Notes to self:
In the case of my sub... (keeping names out of it)
This morning I was talking to him, he seemed angry. I should have realized what was going on when I asked if he was mad. He answered yes, but not sure why. He sounded bitter and seemed resentful of me. Again.. pay attention: NO REASON.
Later we talked a little over messenger and I saw the conversation going no where fast. He was bashing himself, and feeling bad about things. Said he felt worthless, that should have been a clue.
I tried talking to him and explaining how much he means to me, but he had stopped listening. He seemed to be spiraling into self pity. I felt horrible thinking maybe I was hurting him in ways I had not intended. My first reaction was to step back, away from him. I as afraid I was causing him emotional pain.

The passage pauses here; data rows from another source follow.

text \<open>A unital associative complex algebra is modelled as a ring 'a :: ring_1 together
with a unital ring homomorphism emb from the complex numbers into the centre of 'a;
scalar multiplication c x is emb c * x.\<close>

definition complex_alg_emb :: "(complex \<Rightarrow> 'a::ring_1) \<Rightarrow> bool" where
  "complex_alg_emb emb \<longleftrightarrow>
     (\<forall>x y. emb (x + y) = emb x + emb y) \<and>
     (\<forall>x y. emb (x * y) = emb x * emb y) \<and>
     emb 1 = 1 \<and>
     (\<forall>x a. emb x * a = a * emb x)"

definition FFD :: "(complex \<Rightarrow> 'a::ring_1) \<Rightarrow> nat \<Rightarrow> (nat \<Rightarrow> 'a) \<Rightarrow> (nat \<Rightarrow> complex) \<Rightarrow> bool" where
  "FFD emb N h b \<longleftrightarrow>
     (\<forall>m. 1 \<le> m \<and> m + 1 \<le> N \<longrightarrow> h m * h (m+1) = - (h (m+1) * h m)) \<and>
     (\<forall>m. 1 \<le> m \<and> m + 2 \<le> N \<longrightarrow> h m * h (m+2) = - (h (m+2) * h m)) \<and>
     (\<forall>m l. 1 \<le> m \<and> m \<le> N \<and> 1 \<le> l \<and> l \<le> N \<and> (m + 2 < l \<or> l + 2 < m)
             \<longrightarrow> h m * h l = h l * h m) \<and>
     (\<forall>m. 1 \<le> m \<and> m \<le> N \<longrightarrow> h m * h m = emb ((b m)^2))"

I need to remember how to tell when he slipping down into the dark side. He was becoming angry and lashing out at me a bit. I felt like he was trying to push me away, and decided maybe to do just that; get away. But about an hour later I realized he was not making sense, and he may be having issues. So I let him be, and waited until he got off work so I could talk with him.

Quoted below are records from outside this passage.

text \<open>Xb is a linear transform of X: there is a basis (b r), r ranging over the standard
  basis of 'c, of the dependency space, written as the rows of a matrix, and Xb i is the
  i-th column of that matrix.\<close>
definition linear_transform ::
  "('i \<Rightarrow> 'a::euclidean_space) \<Rightarrow> 'i set \<Rightarrow> ('i \<Rightarrow> 'c::euclidean_space) \<Rightarrow> bool" where
  "linear_transform X I Xb \<longleftrightarrow> finite I \<and> span (X ` I) = UNIV \<and>
     (\<exists>b :: 'c \<Rightarrow> 'i \<Rightarrow> real.
        (\<forall>r\<in>Basis. b r \<in> dependencies X I) \<and>
        (\<forall>c :: 'c \<Rightarrow> real. (\<forall>i\<in>I. (\<Sum>r\<in>Basis. c r * b r i) = 0) \<longrightarrow> (\<forall>r\<in>Basis. c r = 0)) \<and>
        (\<forall>\<alpha>\<in>dependencies X I. \<exists>c :: 'c \<Rightarrow> real. \<forall>i\<in>I. \<alpha> i = (\<Sum>r\<in>Basis. c r * b r i)) \<and>
        (\<forall>i\<in>I. Xb i = (\<Sum>r\<in>Basis. b r i *\<^sub>R r)))"

text \<open>Xh is a Shephard diagram of X: X positively spans, and for some linear transform Xb
  of X there is an affine hyperplane H = {z. u . z = d} not through 0 meeting each open
  ray through Xb i, at the point Xh i.\<close>
definition shephard_diagram ::
  "('i \<Rightarrow> 'a::euclidean_space) \<Rightarrow> 'i set \<Rightarrow> ('i \<Rightarrow> 'c::euclidean_space) \<Rightarrow> bool" where
  "shephard_diagram X I Xh \<longleftrightarrow> finite I \<and> pos X I = UNIV \<and>
     (\<exists>Xb. linear_transform X I Xb \<and>
        (\<exists>u d. u \<noteq> 0 \<and> d \<noteq> 0 \<and>
           (\<forall>i\<in>I. inner u (Xh i) = d \<and> (\<exists>a>0. Xh i = a *\<^sub>R Xb i))))"

definition shephard_diagram_for_fan ::
  "'a::euclidean_space set set \<Rightarrow> 'i set \<Rightarrow> ('i \<Rightarrow> 'a) \<Rightarrow> ('i \<Rightarrow> 'c::euclidean_space) \<Rightarrow> bool" where
  "shephard_diagram_for_fan Cs I X Xh \<longleftrightarrow>
     \<Union> Cs = UNIV \<and> (\<forall>i\<in>I. X i \<noteq> 0 \<and> pos X {i} \<in> Cs) \<and> shephard_diagram X I Xh"

text \<open>S(Sigma, Xh): intersection of relint conv Xh|Y over all cofaces Y of the fan.\<close>
definition S_set ::
  "'a::real_vector set set \<Rightarrow> 'i set \<Rightarrow> ('i \<Rightarrow> 'a) \<Rightarrow> ('i \<Rightarrow> 'c::euclidean_space) \<Rightarrow> 'c set" where
  "S_set Cs I X Xh =
     \<Inter> {rel_interior (convex hull (Xh ` Y)) | Y. Y \<subseteq> I \<and> pos X (I - Y) \<in> Cs}"

end

theory Submission
  imports Defs
begin

text \<open>Every vertex of the wedge is joined by an edge to each of the two new vertices 0 and 1.
  For such a vertex v the cones of proj_v \<Sigma> are exactly the images of the cones of \<Sigma> through v,
  and distinct cones through v have distinct images; so the cofaces of proj_v \<Sigma> are precisely the
  cofaces of \<Sigma> avoiding v. Dividing by the ray of v changes the dependency space of X only in the
  coefficient at v, which the other coefficients determine since x_v \<noteq> 0; hence a linear transform,
  and so a Shephard diagram, of X restricts to one of the projected configuration. Finally, if a
  coface Y of \<Sigma> contains both 0 and 1, then Y - {0} and Y - {1} are again cofaces (the wedge allows
  adding a single new vertex to a face avoiding both), and a common point of the relative interiors
  of the convex hulls over Y - {0} and over Y - {1} lies in the relative interior of the hull over Y.\<close>

section \<open>Positive hulls\<close>

lemma convex_cone_sum:
  "convex_cone S \<Longrightarrow> (\<And>x. x \<in> B \<Longrightarrow> f x \<in> S) \<Longrightarrow> sum f B \<in> S"
  by (induct B rule: infinite_finite_induct) (auto simp: convex_cone_add convex_cone_contains_0)

lemma mem_pos_iff: "z \<in> pos X J \<longleftrightarrow> (\<exists>c. z = (\<Sum>j\<in>J. c j *\<^sub>R X j) \<and> (\<forall>j\<in>J. 0 \<le> c j))"
  unfolding pos_def by blast

lemma convex_cone_pos: "convex_cone (pos X J)"
  unfolding convex_cone_iff
proof (intro conjI ballI allI impI)
  show "0 \<in> pos X J"
    unfolding mem_pos_iff by (auto intro!: exI[of _ "\<lambda>_. 0"])
next
  fix y z assume "y \<in> pos X J" "z \<in> pos X J"
  then obtain c d where "y = (\<Sum>j\<in>J. c j *\<^sub>R X j)" "z = (\<Sum>j\<in>J. d j *\<^sub>R X j)"
    and "\<forall>j\<in>J. 0 \<le> c j" "\<forall>j\<in>J. 0 \<le> d j"
    unfolding mem_pos_iff by blast
  then show "y + z \<in> pos X J"
    unfolding mem_pos_iff
    by (auto intro!: exI[of _ "\<lambda>j. c j + d j"] simp: scaleR_add_left sum.distrib)
next
  fix y and a :: real assume "y \<in> pos X J" "0 \<le> a"
  then obtain c where "y = (\<Sum>j\<in>J. c j *\<^sub>R X j)" "\<forall>j\<in>J. 0 \<le> c j"
    unfolding mem_pos_iff by blast
  with \<open>0 \<le> a\<close> show "a *\<^sub>R y \<in> pos X J"
    unfolding mem_pos_iff by (auto intro!: exI[of _ "\<lambda>j. a * c j"] simp: scaleR_sum_right)
qed

lemma generator_in_pos: "finite J \<Longrightarrow> j \<in> J \<Longrightarrow> X j \<in> pos X J"
  unfolding mem_pos_iff
  by (auto intro!: exI[of _ "\<lambda>i. if i = j then 1 else 0"] simp: if_distrib[of "\<lambda>a. a *\<^sub>R _"] cong: if_cong)

lemma pos_eq_convex_cone_hull:
  assumes "finite J"
  shows "pos X J = convex_cone hull (X ` J)"
proof
  have "c j *\<^sub>R X j \<in> convex_cone hull (X ` J)" if "j \<in> J" "0 \<le> c j" for c j
    using that by (intro convex_cone_hull_mul hull_inc) auto
  then show "pos X J \<subseteq> convex_cone hull (X ` J)"
    unfolding pos_def by (auto intro!: convex_cone_sum convex_cone_convex_cone_hull)
  show "convex_cone hull (X ` J) \<subseteq> pos X J"
    using assms by (intro hull_minimal convex_cone_pos) (auto intro: generator_in_pos)
qed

I called and it was clear he was slipping down. I talked to him and he was more receptive and explained how he felt. I understood how he was seeing things at the time. He seemed to be calmer after a while, and I felt better.

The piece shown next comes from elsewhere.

(* Let $\mathcal{M}_{\mathbb{P}}=(\mathcal{M},\mathbb{P})$ be an uncertain parametric MDP, $\varphi$ a specification with comparison operator $\le$, threshold $\lambda$ and associated solution function $\mathrm{sol}_{\mathcal{M}}$, and $\mathcal{U}_N$ a set of $N\ge1$ parameter instantiations sampled independently from $\mathbb{P}$. Let $\mathcal{U}_{N_\varphi}=\{u\in\mathcal{U}_N:\mathrm{sol}_{\mathcal{M}}(u)\le\lambda\}$ be the satisfying samples, $N_{\neg\varphi}=N-|\mathcal{U}_{N_\varphi}|$ the number of violating samples, and $\tau^+=\max_{u\in\mathcal{U}_{N_\varphi}}\mathrm{sol}_{\mathcal{M}}(u)$. Fix a confidence probability $\beta\in(0,1)$. Define $t^*(N)=0$, and for $k=0,\dots,N-1$ let $t^*(k)$ be the solution $t$ of \[\frac{1-\beta}{N}=\sum_{i=0}^{k}\binom{N}{i}(1-t)^i t^{N-i}.\] Then \[\mathbb{P}^N\Big\{\Pr\{u\in\mathcal{V}_{\mathcal{M}}\mid \mathrm{sol}_{\mathcal{M}}(u)\le\tau^+\}\ \ge\ t^*(N_{\neg\varphi})\Big\}\ \ge\ \beta,\] where the inner probability is with respect to $u$ drawn from $\mathbb{P}$.
   Context: A parametric MDP is $\mathcal{M}=(S,\mathit{Act},s_I,V,\mathcal{P})$ with finite states and actions, initial state, finite parameter set $V$ and transition function $\mathcal{P}:S\times\mathit{Act}\times S\to\mathbb{Q}[V]$. Instantiations $u:V\to\mathbb{R}$ form the parameter space $\mathcal{V}_{\mathcal{M}}$; $\mathcal{M}[u]$ is the instantiated MDP, assumed well-defined and graph-preserving. An uncertain pMDP is $(\mathcal{M},\mathbb{P})$ with $\mathbb{P}$ a probability distribution on $\mathcal{V}_{\mathcal{M}}$. A specification $\varphi$ with operator $\le$ consists of a measure on MDPs (e.g. maximal reachability probability, expected reward) and a threshold $\lambda$; the solution function $\mathrm{sol}_{\mathcal{M}}:\mathcal{V}_{\mathcal{M}}\to\mathbb{R}$ maps $u$ to the value of the measure on $\mathcal{M}[u]$ (assumed measurable), and $\mathcal{M}[u]\models\varphi$ iff $\mathrm{sol}_{\mathcal{M}}(u)\le\lambda$. $\mathbb{P}^N$ is the $N$-fold product measure governing $\mathcal{U}_N$. (When $N_{\neg\varphi}=N$ the set $\mathcal{U}_{N_\varphi}$ is empty and the bound $t^*(N)=0$ holds trivially.) *)

theory Defs
  imports "HOL-Probability.Probability"
begin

He has agreed to listen to me when he can't see things clearly. I will try to pay attention next time and see the signs. That way I can call sooner and make sure he can hear me out.
It feels like a kite, someone needs to grab the string when the wind blows too hard and it looses it's balance. Hold the string until the storm passes.
This is the second time in the last 2 or 3 weeks. One of those times he was feeling terrible, angry and hurt. he left work and went home because he couldn't manage his emotions. I am not sure what triggered that one. I am also not sure if it was just normal feeling of stress and too much on him right now. He does have issues with his divorce and stress about his finances. It is a lot for him to handle sometimes. It is understandable.
I must remember that he may lash out at me because I am close. I need to remember to not let him push me away. I need to stand by him and make sure he can hang in there, even if it takes me yelling at him to get him to slow down and hang in there.
I wish I could help more, but I believe he can get through this. He is stronger than he gives himself credit for.
I cannot believe such a loving beautiful person has been overlooked and pushed aside like he has. I am so blessed to have him in my life. I know he has trouble understanding that. One day he will get it.